The easier it is for you to include/exclude relevant information in your log statements, the more efficient you can be in monitoring your application.
Print statements are inflexible
They can’t be ‘turned off’. If you want to stop printing a statement you have to change the source code to delete or comment out the line.
In a large code base, it can be easy to forget to remove all the random print statements you used for debugging.
Logging allows you to add context
Python’s logging library allows you to easily add metadata to your logs, such as timestamp, module location and severity level (DEBUG, INFO, ERROR etc.). This metadata is automatically added without having to hard code it into your statement.
The metadata is also structured to provide consistency throughout your project, which can make the logs much easier to read when debugging.
Send logs to different places and formats
Print statements send the output to the terminal. When you close your terminal session the print statements are lost forever.
The logging library allows you to save logs in different formats including to a file. Useful for recording the logs for future analyses.

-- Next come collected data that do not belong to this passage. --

lemma abs_det_mem_det_values_if_col_support:
  fixes A :: "'a::linordered_idom mat"
  assumes IH: "\<And>M :: 'a mat. M \<in> carrier_mat l l \<Longrightarrow> sparse_sign_mat M \<Longrightarrow> \<bar>det M\<bar> \<in> det_values l"
    and A: "A \<in> carrier_mat (Suc l) (Suc l)" "sparse_sign_mat A"
    and "p < Suc l" "c < Suc l" "col_support A c \<subseteq> {p}"
  shows "\<bar>det A\<bar> \<in> det_values l"
proof -
  have "det A = A $$ (p, c) * cofactor A p c"
    using assms by (intro det_eq_cofactor_if_col_support)
  moreover have "A $$ (p, c) \<in> {-1, 0, 1}"
    using assms by (simp add: sparse_sign_mat_def)
  moreover have "\<bar>det (mat_delete A p c)\<bar> \<in> det_values l"
    using IH mat_delete_carrier[OF A(1)] sparse_sign_mat_delete[OF A(2)] by simp
  ultimately show ?thesis
    by (auto simp: abs_mult abs_cofactor det_values_def)
qed

lemma sparse_sign_addrow:
  fixes A :: "'a::linordered_idom mat"
  assumes A: "A \<in> carrier_mat k k" "sparse_sign_mat A"
    and pq: "p < k" "q < k" and c: "c \<in> row_support A p" "c \<in> row_support A q"
    and cancel: "addrow x q p A $$ (q, c) = 0"
    and entries: "\<forall>j<k. addrow x q p A $$ (q, j) \<in> {-1, 0, 1}"
  shows "sparse_sign_mat (addrow x q p A)"
  unfolding sparse_sign_mat_def
proof (intro conjI allI impI)
  fix i j assume "i < dim_row (addrow x q p A)" "j < dim_col (addrow x q p A)"
  then show "addrow x q p A $$ (i, j) \<in> {-1, 0, 1}"
    using A entries by (cases "i = q") (auto simp: sparse_sign_mat_def)
next
  have row: "card (row_support A i) \<le> 2" if "i < k" for i
    using A that by (simp add: sparse_sign_mat_def)
  fix i assume i: "i < dim_row (addrow x q p A)"
  have "row_support (addrow x q p A) i = row_support A i" if "i \<noteq> q"
    using that i A by (auto simp: row_support_def)
  moreover have "card (row_support (addrow x q p A) q) \<le> 2"
  proof -
    have "row_support (addrow x q p A) q \<subseteq> (row_support A p - {c}) \<union> (row_support A q - {c})"
      using A pq cancel by (auto simp: row_support_def)
    then have "card (row_support (addrow x q p A) q)
        \<le> card ((row_support A p - {c}) \<union> (row_support A q - {c}))"
      by (intro card_mono) (auto simp: row_support_def)
    also have "\<dots> \<le> card (row_support A p - {c}) + card (row_support A q - {c})"
      by (rule card_Un_le)
    also have "\<dots> \<le> 2"
      using c row[OF pq(1)] row[OF pq(2)] by (simp add: row_support_def card_Diff_singleton)
    finally show ?thesis .
  qed
  ultimately show "card (row_support (addrow x q p A) i) \<le> 2"
    using row i A by (cases "i = q") auto
qed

You can also send the logs to multiple locations at the same time. This might be useful if you need logging for multiple use cases. For example, general debugging from the terminal output as well as recording of critical log events in a file for auditing purposes.
Control behaviour via configuration
Logging can be controlled using a configuration file. Having a configuration file ensures consistency across the project and separation of config from code.
This also allows you to easily maintain different configurations depending on the environment (e.g. dev vs production) without needing to change any of the source code.
Logging 101
Before working through an example, there are three key concepts from the logging module to explain: loggers, formatters and handlers.
Logger
The object used to generate the logs is instantiated via:
import logging
logger = logging.getLogger(__name__)
The ‘logger’ object creates and controls logging statements in the project.
You can name the logger anything you want, but it is a good practice to instantiate a new logger for each module and use name for the logger’s name (as demonstrated above).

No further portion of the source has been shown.